От слова «гость» – торговый человек – произошли древние слова «гостьба» – торговля, «погост» – место, где встречаются торговые люди и происходит гостьба.

На берегах рек, на скрещении торговых путей вырастали городские поселения – погосты: рынок, дома, церковь, а около церкви кладбище. Но вот дикая орда напала на торговое поселение – все было сожжено.

Когда разбежавшиеся по лесам жители возвратились на пепелище, они увидели только кладбище. И веселое, живое слово как бы забыло, для чего родилось, – забыло радостную «младость», старчески замерев в нынешнем своем значении.

Язык жадно впитывает недостающие ему понятия из множества источников: из иностранных языков, из науки (это особенно заметно в наше время).

У индейских племен Центральной Америки почитался бог Хуракан, управляющий тайфунами. Из Гватемалы слово пришло в Европу, сохранив прежнее звучание «хуракан», но обозначая не бога злых стихий, а само бедствие. Во французском языке «хуракан» стал ураганом. Из французского «ураган» усыновлен русским языком.

То, что язык впитывает, он либо вводит в синтез, перестраивает по‑ своему, либо уничтожает. В этом он подобен живой клетке.

Как организм, обладающий полупроницаемыми мембранами, некоторые ионы свободно пропускающими внутрь клетки, а другие «отвергающими», – целый ряд понятий язык отвергает. Они так и остаются в прихожей, пусть эта прихожая – светская гостиная, королевский дворец или канцелярия. Они остаются внешними наростами и вскоре рассасываются по закону несовместимости тканей.

К словесным новообразованиям относятся и канцеляризмы.

Вот три фразы с таким разным смыслом: «личное дело», «персональное дело», «личная жизнь». Когда прилагательное «личное» изменяется на другое, по существу синоним первого – персональное, – фразе придается осудительное значение.

Фраза «личная жизнь» противопоставлена понятию «личность». Она утверждает, что кроме «личной» есть и другая часть жизни – от личности отчужденная, ей не подчиняющаяся.

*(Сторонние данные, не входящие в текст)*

lemma card_E1_fragile_le:
  assumes "1 \<le> pp n" "4 * pp n \<le> NN n m c"
  shows "pp n * card {\<pi>\<in>E1 n m c. left_fragile (pp n) \<pi>} \<le> 3 * card (E1 n m c)"
    and "pp n * card {\<pi>\<in>E1 n m c. right_fragile (NN n m c) (pp n) \<pi>} \<le> 3 * card (E1 n m c)"
proof -
  let ?S = "E1 n m c" and ?N = "NN n m c" and ?p = "pp n"
  let ?A1 = "{\<pi>\<in>?S. card {i\<in>{1..?p} - {?p}. \<pi> i = BN} < 2}"
    and ?A2 = "{\<pi>\<in>?S. card {i\<in>{?p+1..2*?p} - {2*?p}. \<pi> i = BO} < 1}"
    and ?A3 = "{\<pi>\<in>?S. card {i\<in>{?N-?p+1..?N} - {?N-?p+1}. \<pi> i = SN} < 2}"
    and ?A4 = "{\<pi>\<in>?S. card {i\<in>{?N-2*?p+1..?N-?p} - {?N-2*?p+1}. \<pi> i = SO} < 1}"
  have bounds: "?p * card ?A1 \<le> 2 * card ?S" "?p * card ?A2 \<le> 1 * card ?S"
    "?p * card ?A3 \<le> 2 * card ?S" "?p * card ?A4 \<le> 1 * card ?S"
    using assms by (intro card_E1_fragile_window_le; force simp: E1_iff E1_cond_def)+
  have union: "?p * card (A \<union> B) \<le> ?p * card A + ?p * card B" for A B :: "(nat \<Rightarrow> role) set"
    using mult_le_mono2[OF card_Un_le[of A B], of ?p] by (simp add: add_mult_distrib2)
  have "{\<pi>\<in>?S. left_fragile ?p \<pi>} = ?A1 \<union> ?A2" "{\<pi>\<in>?S. right_fragile ?N ?p \<pi>} = ?A3 \<union> ?A4"
    unfolding left_fragile_def right_fragile_def by auto
  then show "?p * card {\<pi>\<in>?S. left_fragile ?p \<pi>} \<le> 3 * card ?S"
    and "?p * card {\<pi>\<in>?S. right_fragile ?N ?p \<pi>} \<le> 3 * card ?S"
    using bounds union[of ?A1 ?A2] union[of ?A3 ?A4] by simp_all
qed

lemma sum_card_insert_at_le:
  assumes "finite S" "T \<subseteq> PiSet n (Suc m) c"
  shows "(\<Sum>\<pi>\<in>S. card {j\<in>{1..Suc (NN n m c)}. insert_at \<pi> j BO \<in> T}) \<le> card T * Suc m"
proof -
  let ?J = "{1..Suc (NN n m c)}"
  have "finite T" using finite_PiSet assms(2) by (rule finite_subset[rotated])
  then have "(\<Sum>\<pi>\<in>S. card {j\<in>?J. insert_at \<pi> j BO \<in> T})
      = (\<Sum>\<sigma>\<in>T. card {j\<in>?J. \<sigma> j = BO \<and> delete_at \<sigma> j \<in> S})"
    using assms(1) by (intro sum_card_insert_at_eq) auto
  also have "\<dots> \<le> (\<Sum>\<sigma>\<in>T. card {j\<in>?J. \<sigma> j = BO})"
    by (intro sum_mono card_mono) auto
  also have "\<dots> = (\<Sum>\<sigma>\<in>T. Suc m)"
    using assms(2) card_PiSet_role[of _ n "Suc m" c BO] by (intro sum.cong) (auto simp: NN_Suc)
  finally show ?thesis by simp
qed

В механизме, «запрещающем» распространение искажений слов вне сферы их зарождения, есть глубокий смысл. Не будь его, канцеляризмы распространились бы далеко от места «выплода», как саранча. Они бы нарушили строй нравственных идей, выверенный тысячелетиями.

В наше время часто упоминается слово «процентомания», отсутствующее не только у Даля, но и в словарях Ушакова и Ожегова.

«Начиная с 1930 года, с первого года организации колхоза, девятнадцать лет подряд меня каждую весну позорили за поздний сев. И каждую осень тоже девятнадцать лет подряд отмечали за урожай и морально, и материально, – вспоминает знаменитый колхозный полевод Терентий Мальцев. – Я привык к этому и, когда позорили, не особенно печалился, и когда отмечали, не особенно радовался, зная, что весной снова будут позорить. А печалиться, сказать, было отчего».

В пятидесятые годы в Литве возникла идея использовать озера, которых здесь многие сотни, для разведения уток. Среди литовских озер есть два особенных – лебединых. Тут, среди нетронутой природы, гнездятся эти удивительные птицы. Отсюда они разлетаются по стране и по всему миру, украшая землю. Около озер существует научная лаборатория, где работают орнитологи, специализирующиеся на изучении лебедей.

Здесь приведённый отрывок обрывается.